■ Listed entries
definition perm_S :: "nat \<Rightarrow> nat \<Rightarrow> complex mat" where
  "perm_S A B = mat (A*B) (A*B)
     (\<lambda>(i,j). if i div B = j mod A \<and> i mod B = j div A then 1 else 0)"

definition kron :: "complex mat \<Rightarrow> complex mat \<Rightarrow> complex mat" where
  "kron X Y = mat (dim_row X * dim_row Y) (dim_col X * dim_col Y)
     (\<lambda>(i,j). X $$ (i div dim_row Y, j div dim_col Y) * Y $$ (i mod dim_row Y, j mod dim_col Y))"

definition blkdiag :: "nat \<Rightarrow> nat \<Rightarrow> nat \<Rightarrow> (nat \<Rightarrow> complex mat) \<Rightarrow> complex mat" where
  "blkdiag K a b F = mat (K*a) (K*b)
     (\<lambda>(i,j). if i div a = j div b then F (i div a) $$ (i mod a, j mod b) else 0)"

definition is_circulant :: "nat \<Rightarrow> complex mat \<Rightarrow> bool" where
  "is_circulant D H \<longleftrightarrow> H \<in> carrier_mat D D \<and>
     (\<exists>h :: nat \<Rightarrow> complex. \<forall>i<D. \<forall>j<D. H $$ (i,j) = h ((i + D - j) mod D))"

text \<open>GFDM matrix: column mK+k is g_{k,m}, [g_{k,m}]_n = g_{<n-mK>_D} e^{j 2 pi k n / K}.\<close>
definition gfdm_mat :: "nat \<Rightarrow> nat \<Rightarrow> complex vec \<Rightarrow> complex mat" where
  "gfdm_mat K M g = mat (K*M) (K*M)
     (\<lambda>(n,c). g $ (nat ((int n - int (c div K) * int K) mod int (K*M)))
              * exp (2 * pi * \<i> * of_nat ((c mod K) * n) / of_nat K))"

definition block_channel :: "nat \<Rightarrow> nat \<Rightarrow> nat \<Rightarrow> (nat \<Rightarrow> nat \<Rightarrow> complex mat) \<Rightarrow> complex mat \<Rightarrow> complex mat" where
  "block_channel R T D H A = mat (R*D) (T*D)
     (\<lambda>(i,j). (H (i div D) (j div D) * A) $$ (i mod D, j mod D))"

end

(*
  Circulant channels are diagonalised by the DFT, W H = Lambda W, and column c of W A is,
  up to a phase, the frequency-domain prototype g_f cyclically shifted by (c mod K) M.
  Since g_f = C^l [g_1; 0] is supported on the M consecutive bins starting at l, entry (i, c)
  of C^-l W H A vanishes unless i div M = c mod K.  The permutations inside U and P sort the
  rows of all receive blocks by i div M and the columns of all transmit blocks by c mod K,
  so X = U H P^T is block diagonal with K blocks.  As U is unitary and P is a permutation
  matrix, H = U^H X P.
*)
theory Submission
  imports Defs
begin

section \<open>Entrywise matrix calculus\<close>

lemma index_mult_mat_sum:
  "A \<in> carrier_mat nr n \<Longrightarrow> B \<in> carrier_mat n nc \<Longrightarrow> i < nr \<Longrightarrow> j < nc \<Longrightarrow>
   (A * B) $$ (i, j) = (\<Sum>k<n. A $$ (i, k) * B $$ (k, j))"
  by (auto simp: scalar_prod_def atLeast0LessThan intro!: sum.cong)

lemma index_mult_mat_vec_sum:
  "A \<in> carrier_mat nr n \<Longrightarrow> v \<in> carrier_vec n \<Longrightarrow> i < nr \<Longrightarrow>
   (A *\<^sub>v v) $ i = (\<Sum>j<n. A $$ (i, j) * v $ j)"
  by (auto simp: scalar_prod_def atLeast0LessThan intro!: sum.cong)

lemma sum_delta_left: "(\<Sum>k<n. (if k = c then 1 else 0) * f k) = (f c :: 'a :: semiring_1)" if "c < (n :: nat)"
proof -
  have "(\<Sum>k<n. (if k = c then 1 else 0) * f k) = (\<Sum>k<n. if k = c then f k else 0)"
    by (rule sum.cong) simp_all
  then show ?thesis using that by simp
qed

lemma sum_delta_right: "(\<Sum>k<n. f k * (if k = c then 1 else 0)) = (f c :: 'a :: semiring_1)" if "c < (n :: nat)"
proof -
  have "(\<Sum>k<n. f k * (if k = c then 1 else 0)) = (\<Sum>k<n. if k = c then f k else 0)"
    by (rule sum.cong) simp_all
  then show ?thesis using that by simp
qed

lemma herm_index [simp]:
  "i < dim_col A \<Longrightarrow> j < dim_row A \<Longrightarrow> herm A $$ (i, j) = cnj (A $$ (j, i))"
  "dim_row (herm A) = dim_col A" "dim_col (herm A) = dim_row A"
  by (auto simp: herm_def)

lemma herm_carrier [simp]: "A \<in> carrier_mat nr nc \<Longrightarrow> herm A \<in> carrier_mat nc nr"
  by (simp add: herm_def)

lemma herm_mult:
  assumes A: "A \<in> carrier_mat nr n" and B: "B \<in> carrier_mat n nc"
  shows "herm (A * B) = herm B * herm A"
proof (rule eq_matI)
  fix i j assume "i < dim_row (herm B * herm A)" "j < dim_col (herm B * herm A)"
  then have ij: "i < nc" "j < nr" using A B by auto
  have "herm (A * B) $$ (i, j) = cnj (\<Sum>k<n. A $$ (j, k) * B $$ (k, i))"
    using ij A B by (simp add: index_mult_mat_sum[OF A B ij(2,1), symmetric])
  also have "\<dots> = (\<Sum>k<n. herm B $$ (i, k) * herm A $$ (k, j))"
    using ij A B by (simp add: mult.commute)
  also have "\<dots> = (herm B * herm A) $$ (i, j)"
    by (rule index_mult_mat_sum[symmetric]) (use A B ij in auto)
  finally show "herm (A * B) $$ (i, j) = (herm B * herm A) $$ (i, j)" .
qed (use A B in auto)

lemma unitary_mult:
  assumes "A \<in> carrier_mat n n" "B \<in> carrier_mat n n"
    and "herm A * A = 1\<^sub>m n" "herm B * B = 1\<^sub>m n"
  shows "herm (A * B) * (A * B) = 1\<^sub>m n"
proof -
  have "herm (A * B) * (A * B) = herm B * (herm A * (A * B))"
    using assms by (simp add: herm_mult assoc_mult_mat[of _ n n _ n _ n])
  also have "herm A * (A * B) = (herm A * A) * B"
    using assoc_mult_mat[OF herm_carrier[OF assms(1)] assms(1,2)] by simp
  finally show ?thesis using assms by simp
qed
--
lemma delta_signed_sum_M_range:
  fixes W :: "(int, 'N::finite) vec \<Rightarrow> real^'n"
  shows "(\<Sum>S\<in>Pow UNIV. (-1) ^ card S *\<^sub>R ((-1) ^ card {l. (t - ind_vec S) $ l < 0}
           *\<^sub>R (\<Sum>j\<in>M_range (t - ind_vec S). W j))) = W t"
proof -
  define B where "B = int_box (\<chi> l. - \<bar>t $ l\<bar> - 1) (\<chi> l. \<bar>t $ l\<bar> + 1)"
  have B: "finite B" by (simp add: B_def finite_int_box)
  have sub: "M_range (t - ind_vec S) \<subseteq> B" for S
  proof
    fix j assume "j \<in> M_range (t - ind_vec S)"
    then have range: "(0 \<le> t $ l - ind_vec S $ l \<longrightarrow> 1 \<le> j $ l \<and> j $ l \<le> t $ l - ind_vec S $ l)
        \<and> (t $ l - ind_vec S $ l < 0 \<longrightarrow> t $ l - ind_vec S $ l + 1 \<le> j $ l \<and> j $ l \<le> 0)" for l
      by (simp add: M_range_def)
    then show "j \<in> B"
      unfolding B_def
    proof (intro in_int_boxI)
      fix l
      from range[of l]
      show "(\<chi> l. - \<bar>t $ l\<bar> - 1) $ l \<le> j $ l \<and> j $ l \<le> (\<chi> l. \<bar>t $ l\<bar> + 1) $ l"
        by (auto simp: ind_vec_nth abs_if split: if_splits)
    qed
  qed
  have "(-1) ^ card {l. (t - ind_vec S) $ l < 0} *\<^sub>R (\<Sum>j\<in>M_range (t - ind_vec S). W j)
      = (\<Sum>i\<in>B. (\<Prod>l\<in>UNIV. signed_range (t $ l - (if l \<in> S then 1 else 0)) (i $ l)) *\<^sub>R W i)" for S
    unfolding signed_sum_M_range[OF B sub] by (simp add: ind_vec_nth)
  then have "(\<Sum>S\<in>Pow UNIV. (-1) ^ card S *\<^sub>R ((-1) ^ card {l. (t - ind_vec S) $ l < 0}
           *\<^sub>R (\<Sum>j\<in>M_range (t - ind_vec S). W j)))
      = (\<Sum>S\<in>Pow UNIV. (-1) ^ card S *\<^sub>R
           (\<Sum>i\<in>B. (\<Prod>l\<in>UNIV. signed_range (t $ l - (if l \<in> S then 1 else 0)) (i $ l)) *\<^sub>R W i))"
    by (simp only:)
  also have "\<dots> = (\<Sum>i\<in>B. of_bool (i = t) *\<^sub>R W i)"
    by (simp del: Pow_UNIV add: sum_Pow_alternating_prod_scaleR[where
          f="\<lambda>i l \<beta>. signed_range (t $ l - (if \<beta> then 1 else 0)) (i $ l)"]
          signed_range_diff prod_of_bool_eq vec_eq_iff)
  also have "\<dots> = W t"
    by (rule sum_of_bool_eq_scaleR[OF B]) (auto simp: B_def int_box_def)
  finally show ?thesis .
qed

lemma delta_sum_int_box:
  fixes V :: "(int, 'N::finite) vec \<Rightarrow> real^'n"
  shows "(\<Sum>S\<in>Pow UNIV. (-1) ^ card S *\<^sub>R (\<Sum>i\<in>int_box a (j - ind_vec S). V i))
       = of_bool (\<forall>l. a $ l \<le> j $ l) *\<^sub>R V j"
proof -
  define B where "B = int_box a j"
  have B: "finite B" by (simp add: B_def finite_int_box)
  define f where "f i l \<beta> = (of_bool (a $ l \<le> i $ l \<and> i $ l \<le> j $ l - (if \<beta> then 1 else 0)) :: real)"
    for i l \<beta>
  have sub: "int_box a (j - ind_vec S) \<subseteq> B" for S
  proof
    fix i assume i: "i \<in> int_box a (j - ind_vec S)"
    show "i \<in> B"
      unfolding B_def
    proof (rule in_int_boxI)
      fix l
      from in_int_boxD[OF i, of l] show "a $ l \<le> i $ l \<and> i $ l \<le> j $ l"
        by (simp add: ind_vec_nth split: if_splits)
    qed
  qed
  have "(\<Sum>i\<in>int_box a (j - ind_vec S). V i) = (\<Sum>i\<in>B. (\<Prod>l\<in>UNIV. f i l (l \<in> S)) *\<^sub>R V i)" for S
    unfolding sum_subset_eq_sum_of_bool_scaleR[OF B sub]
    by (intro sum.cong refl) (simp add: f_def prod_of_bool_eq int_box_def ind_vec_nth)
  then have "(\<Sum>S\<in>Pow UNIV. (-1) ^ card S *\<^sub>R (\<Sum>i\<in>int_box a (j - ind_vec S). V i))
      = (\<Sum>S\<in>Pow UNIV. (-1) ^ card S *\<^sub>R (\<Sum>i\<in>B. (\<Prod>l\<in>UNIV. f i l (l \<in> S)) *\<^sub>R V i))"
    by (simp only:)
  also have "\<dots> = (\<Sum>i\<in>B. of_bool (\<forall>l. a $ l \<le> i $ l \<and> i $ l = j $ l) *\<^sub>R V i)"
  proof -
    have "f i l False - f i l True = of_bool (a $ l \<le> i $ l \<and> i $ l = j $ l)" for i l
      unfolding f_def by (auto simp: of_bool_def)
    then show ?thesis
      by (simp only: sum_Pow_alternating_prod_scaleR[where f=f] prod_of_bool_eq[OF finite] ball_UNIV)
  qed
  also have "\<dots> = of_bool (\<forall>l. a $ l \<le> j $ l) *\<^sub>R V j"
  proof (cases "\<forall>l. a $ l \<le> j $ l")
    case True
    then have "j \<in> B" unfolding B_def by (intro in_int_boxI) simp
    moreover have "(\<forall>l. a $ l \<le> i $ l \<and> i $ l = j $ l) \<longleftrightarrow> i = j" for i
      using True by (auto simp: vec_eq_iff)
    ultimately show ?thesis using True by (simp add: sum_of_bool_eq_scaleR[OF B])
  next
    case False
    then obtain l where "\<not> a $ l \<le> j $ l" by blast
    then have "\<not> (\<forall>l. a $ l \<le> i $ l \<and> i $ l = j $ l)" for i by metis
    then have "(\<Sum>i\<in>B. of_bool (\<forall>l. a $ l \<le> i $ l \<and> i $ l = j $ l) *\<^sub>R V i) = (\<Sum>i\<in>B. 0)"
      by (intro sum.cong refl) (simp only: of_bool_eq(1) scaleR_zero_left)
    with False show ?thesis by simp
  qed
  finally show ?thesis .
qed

■ What to produce
Filter by the word "define": copy every line of the data that holds it.

■ Task result
  define B where "B = int_box (\<chi> l. - \<bar>t $ l\<bar> - 1) (\<chi> l. \<bar>t $ l\<bar> + 1)"
  define B where "B = int_box a j"
  define f where "f i l \<beta> = (of_bool (a $ l \<le> i $ l \<and> i $ l \<le> j $ l - (if \<beta> then 1 else 0)) :: real)"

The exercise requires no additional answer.